What can be said to patients

  • Periodontal disease can increase the amount of sugar in the blood

  • Treatment of periodontal disease may lower the amount of sugar in the blood

  • Treatment of periodontal disease may help control type 2 diabetes

  • It is important to keep the mouth as clean as possible in people with diabetes.

Metabolic Syndrome

Metabolic syndrome is a cluster of metabolic and physiologic abnormalities that are risk factors for both diabetes and atherosclerotic CVD. A person is diagnosed with metabolic syndrome if 3 or more of the following conditions are present:

  • Hyperglycemia (fasting glucose ≥100 mg/dL or receiving drug therapy for reduction)

  • Hypertension (blood pressure ≥130/85 mm Hg or receiving drug therapy for reduction)

  • Hyperlipidemia (triglycerides ≥150 mg/dL or receiving drug therapy for reduction)

  • Low HDL cholesterol level (HDL-C <40 mg/dL in men or <50 mg/dL in women or receiving drug therapy for increase)

  • Large waistline (abdominal or central obesity: waist circumference ≥102 cm [40 in] in men or ≥88 cm [35 in] in women; if Asian American, ≥90 cm [35 in] in men or ≥80 cm [32 in] in women).

Nonalcoholic Fatty Liver Disease

Nonalcoholic fatty liver disease (NAFLD) is a hepatic manifestation of metabolic syndrome. The highly virulent type of the periodontal bacterium P gingivalis is shown to be present with high frequency in oral samples from NAFLD sufferers. Importantly, nonsurgical periodontal treatment over a period of 3 months in such patients improved their liver function parameters, as measured by serum levels of aspartate aminotransferase and alanine aminotransaminase. The effects of periodontal treatment are mentioned under diabetes and cerebrovascular diseases, respectively.

In summary

There is evidence that

  • Periodontitis is associated with metabolic syndrome (also in hemodialysis patients), diabetes, and gestational diabetes

  • Serum antibody against specific periodontal bacteria is associated with metabolic syndrome

  • Periodontitis is significantly associated with development of one or more components of metabolic syndrome over a period of 4 years

  • Tooth loss is associated with metabolic syndrome

  • Periodontal therapy improves total leukocyte count and levels of CRP, triglycerides, and HDL

  • Tooth brushing at least once a day leads to

    • Lower levels of triglycerides

    • Lower prevalence and incidence (new cases) of metabolic syndrome

What can be said to patients

  • Maintaining good periodontal health may control fat or blood sugar levels and help prevent metabolic syndrome.

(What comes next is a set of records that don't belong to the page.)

lemma T_map_rectangle_invariant:
  assumes "0 \<le> a" "0 \<le> b"
    and "0 \<le> \<alpha>2" "\<alpha>2 \<le> \<alpha>" "\<alpha> \<le> 1" "0 \<le> \<beta>2" "\<beta>2 \<le> \<beta>" "\<beta> \<le> 1"
    and "0 \<le> L1" "L1 \<le> c1_low r s a b \<alpha>2 \<beta>2" "0 \<le> L2" "L2 \<le> c2_low r s a b \<alpha>2 \<beta>2"
  shows "T_map r s a b \<alpha> \<beta> ` ({L1 .. H1 r \<alpha>2} \<times> {L2 .. H2 s \<beta>2})
           \<subseteq> {L1 .. H1 r \<alpha>2} \<times> {L2 .. H2 s \<beta>2}"
proof
  fix p assume "p \<in> T_map r s a b \<alpha> \<beta> ` ({L1 .. H1 r \<alpha>2} \<times> {L2 .. H2 s \<beta>2})"
  then obtain x y where p: "p = T_map r s a b \<alpha> \<beta> (x, y)"
    and "L1 \<le> x" "x \<le> H1 r \<alpha>2" "L2 \<le> y" "y \<le> H2 s \<beta>2"
    by auto
  moreover note f_map_mem_interval[of a \<alpha>2 \<alpha> L1 r s b \<beta>2 x y]
    f_map_mem_interval[of b \<beta>2 \<beta> L2 s r a \<alpha>2 y x]
  ultimately show "p \<in> {L1 .. H1 r \<alpha>2} \<times> {L2 .. H2 s \<beta>2}"
    using assms by (simp add: T_map_def g_map_eq_f_map_swap c2_low_eq_c1_low_swap H2_eq_H1)
qed

lemma c1_low_c2_low_pos:
  assumes "0 < a" "0 < b" "2 < r" "2 < s" "a * s < r" "b * r < s"
    and "alpha_tilde r s b < \<alpha>" "\<alpha> \<le> 1" "beta_tilde r s a < \<beta>" "\<beta> \<le> 1"
  shows "0 < c1_low r s a b \<alpha> \<beta>" "0 < c2_low r s a b \<alpha> \<beta>"
proof -
  have "0 < c1 r s a \<beta>" "0 < c1 s r b \<alpha>"
    using c1_pos[of a s r] c1_pos[of b r s] assms
    by (simp_all add: beta_tilde_eq_alpha_tilde_swap)
  then show "0 < c1_low r s a b \<alpha> \<beta>" "0 < c2_low r s a b \<alpha> \<beta>"
    using c1_low_pos tilde_nonneg(1)[of r s b] tilde_nonneg(2)[of r s a] assms
    by (simp_all add: c2_low_eq_c1_low_swap)
qed

lemma T_map_D_invariant:
  assumes "0 < a" "0 < b" "2 < r" "2 < s" "a * s < r" "b * r < s"
    and "alpha_tilde r s b < \<alpha>2" "\<alpha>2 \<le> \<alpha>" "\<alpha> < 1"
    and "beta_tilde r s a < \<beta>2" "\<beta>2 \<le> \<beta>" "\<beta> < 1"
  shows "T_map r s a b \<alpha> \<beta> ` D_set r s a b \<alpha>2 \<beta>2 \<subseteq> D_set r s a b \<alpha>2 \<beta>2 \<and>
         (\<forall>h. 0 < h \<and> h < min (c1_low r s a b \<alpha>2 \<beta>2) (c2_low r s a b \<alpha>2 \<beta>2) \<longrightarrow>
           T_map r s a b \<alpha> \<beta> ` D_h r s a b \<alpha>2 \<beta>2 h \<subseteq> D_h r s a b \<alpha>2 \<beta>2 h)"
proof -
  have bounds: "0 \<le> a" "0 \<le> b" "0 \<le> \<alpha>2" "\<alpha>2 \<le> \<alpha>" "\<alpha> \<le> 1" "0 \<le> \<beta>2" "\<beta>2 \<le> \<beta>" "\<beta> \<le> 1"
    using assms tilde_nonneg(1)[of r s b] tilde_nonneg(2)[of r s a] by simp_all
  have pos: "0 < c1_low r s a b \<alpha>2 \<beta>2" "0 < c2_low r s a b \<alpha>2 \<beta>2"
    using c1_low_c2_low_pos[of a b r s \<alpha>2 \<beta>2] assms by simp_all
  show ?thesis
    unfolding D_set_def D_h_def
    using T_map_rectangle_invariant[OF bounds] pos by simp
qed

theorem mainTheorem3:
  fixes r s a b :: real
  assumes "0 < a" "a < 1" "0 < b" "b < 1" "r > 2" "s > 2" "r > a * s" "s > b * r"
  shows
   "(\<forall>\<alpha> \<beta>. alpha_tilde r s b < \<alpha> \<and> \<alpha> < 1 \<and> beta_tilde r s a < \<beta> \<and> \<beta> < 1 \<longrightarrow>
        T_map r s a b \<alpha> \<beta> ` D_set r s a b \<alpha> \<beta> \<subseteq> D_set r s a b \<alpha> \<beta> \<and>
        (\<forall>h. 0 < h \<and> h < min (c1_low r s a b \<alpha> \<beta>) (c2_low r s a b \<alpha> \<beta>) \<longrightarrow>
           T_map r s a b \<alpha> \<beta> ` D_h r s a b \<alpha> \<beta> h \<subseteq> D_h r s a b \<alpha> \<beta> h))
    \<and>
    (\<forall>\<alpha>1 \<alpha>2 \<beta>1 \<beta>2. 1 > \<alpha>1 \<and> \<alpha>1 \<ge> \<alpha>2 \<and> \<alpha>2 > alpha_tilde r s b \<and>
                      1 > \<beta>1 \<and> \<beta>1 \<ge> \<beta>2 \<and> \<beta>2 > beta_tilde r s a \<longrightarrow>
        T_map r s a b \<alpha>1 \<beta>1 ` D_set r s a b \<alpha>2 \<beta>2 \<subseteq> D_set r s a b \<alpha>2 \<beta>2 \<and>
        (\<forall>h. 0 < h \<and> h < min (c1_low r s a b \<alpha>2 \<beta>2) (c2_low r s a b \<alpha>2 \<beta>2) \<longrightarrow>
           T_map r s a b \<alpha>1 \<beta>1 ` D_h r s a b \<alpha>2 \<beta>2 h \<subseteq> D_h r s a b \<alpha>2 \<beta>2 h))"
  using T_map_D_invariant[OF assms(1,3,5,6)] assms(7,8) by (meson order_refl)

end
lemma pmd_potential_decrease:
  assumes "is_policy \<sigma>"
  shows "pmd_potential \<sigma> s (Suc t) + (V (\<pi> t) s - V \<sigma> s) \<le> pmd_potential \<sigma> s t"
proof -
  let ?K = "occupancy \<sigma> s"
  let ?E = "\<lambda>t. \<Sum>q\<in>UNIV. ?K q * bregman \<omega> gw (\<sigma> q) (\<pi> t q)"
  let ?X = "(\<Sum>q\<in>UNIV. ?K q * (V (\<pi> (Suc t)) q - V (\<pi> t) q)) + (V (\<pi> t) s - V \<sigma> s)"
  have "\<sigma> q \<in> prob_simplex" for q
    using assms unfolding is_policy_def by blast
  then have "0 \<le> ?E (Suc t)"
    by (intro sum_nonneg mult_nonneg_nonneg occupancy_nonneg assms bregman_iterate_nonneg)
  moreover have "\<eta> t \<le> \<eta> (Suc t)"
    using eta_mono by (simp add: mono_def)
  ultimately have "?E (Suc t) / \<eta> (Suc t) \<le> ?E (Suc t) / \<eta> t"
    using eta_pos[of t] by (intro divide_left_mono) auto
  moreover have "?X + ?E (Suc t) / \<eta> t \<le> ?E t / \<eta> t"
  proof -
    have "(?X + ?E (Suc t) / \<eta> t) * \<eta> t = \<eta> t * ?X + ?E (Suc t)"
      using eta_pos[of t] by (simp add: algebra_simps)
    then show ?thesis
      using pmd_weighted_step_bound[OF assms, of t s] eta_pos[of t] by (simp add: pos_le_divide_eq)
  qed
  moreover have "(\<Sum>q\<in>UNIV. ?K q * (V (\<pi> (Suc t)) q - V \<sigma> q))
      = (\<Sum>q\<in>UNIV. ?K q * (V (\<pi> t) q - V \<sigma> q)) + (\<Sum>q\<in>UNIV. ?K q * (V (\<pi> (Suc t)) q - V (\<pi> t) q))"
    by (simp add: algebra_simps sum.distrib sum_subtractf)
  ultimately show ?thesis
    unfolding pmd_potential_def by linarith
qed

lemma pmd_potential_telescope:
  assumes "is_policy \<sigma>"
  shows "pmd_potential \<sigma> s n + (\<Sum>t<n. V (\<pi> t) s - V \<sigma> s) \<le> pmd_potential \<sigma> s 0"
proof (induction n)
  case (Suc n)
  then show ?case
    using pmd_potential_decrease[OF assms, of s n] by simp
qed simp

lemma pmd_rate:
  assumes "is_policy \<sigma>" and optimal: "\<And>\<pi>' q. is_policy \<pi>' \<Longrightarrow> V \<sigma> q \<le> V \<pi>' q"
  shows "real k * (V (\<pi> k) s - V \<sigma> s) \<le> pmd_potential \<sigma> s 0"
proof -
  have "\<sigma> q \<in> prob_simplex" for q
    using assms unfolding is_policy_def by blast
  then have "0 \<le> pmd_potential \<sigma> s k"
    unfolding pmd_potential_def using eta_pos[of k] optimal[OF is_policy_iterate]
    by (intro add_nonneg_nonneg divide_nonneg_pos sum_nonneg mult_nonneg_nonneg occupancy_nonneg assms
        bregman_iterate_nonneg) auto
  have "real k * (V (\<pi> k) s - V \<sigma> s) = (\<Sum>t<k. V (\<pi> k) s - V \<sigma> s)"
    by simp
  also have "\<dots> \<le> (\<Sum>t<k. V (\<pi> t) s - V \<sigma> s)"
    by (intro sum_mono) (simp add: pmd_value_antimono)
  also have "\<dots> \<le> pmd_potential \<sigma> s 0"
    using pmd_potential_telescope[OF assms(1), of s k] \<open>0 \<le> pmd_potential \<sigma> s k\<close> by simp
  finally show ?thesis .
qed

end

Cerebrocardiovascular Disease

Bacteremia

Several reports have found periodontal bacteria in atheromatous plaque. T forsythia has been identified in the same location as hemoglobin and is therefore regarded as a potential trigger for intraplaque hemorrhage, which may increase the risk for plaque rupture. The periodontal bacterium, A actinomycetemcomitans , has been identified in the same person’s subgingival plaque, blood, and blood vessels, demonstrating the spread via bacteremia. Dorn and colleagues showed for the first time in 1999 that periodontal bacteria are able to invade both human coronary artery endothelial cells and coronary artery smooth muscle cells, so persons with periodontal infection have greater risk of myocardial infarction. Even though periodontal intervention studies with clinically important outcomes such as myocardial infarction and ischemic stroke are lacking, evidence exists that

  • Viable bacteria originating from the periodontium are found in atherosclerotic plaque

  • Periodontal bacteria can contribute to atherogenesis

  • Periodontal bacteria most likely can contribute to destabilization of atherosclerotic plaque

  • P gingivalis infection is associated with aortic aneurysms and with proliferation of smooth muscle cell tissue in developing aneurysms.

Inflammation

Cardiovascular and cerebral diseases and events considered in this review are those caused by atherosclerosis, which is related to inflammation. Atherosclerosis is the thickening and subsequent calcification of the inner artery wall with deposition of a waxy substance (plaque) that consists of fat, cholesterol, calcium, and other substances from the blood. Atherosclerosis may affect arteries anywhere in the body.

Previous notions of the cause of atherosclerosis centered on the role of lipids, but recent research has indicated that inflammation plays a crucial role. For example, as recently as in 2013, Abdelbaky and colleagues demonstrated for the first time in humans that inflammation actually precedes calcification of the arterial wall in atherogenesis.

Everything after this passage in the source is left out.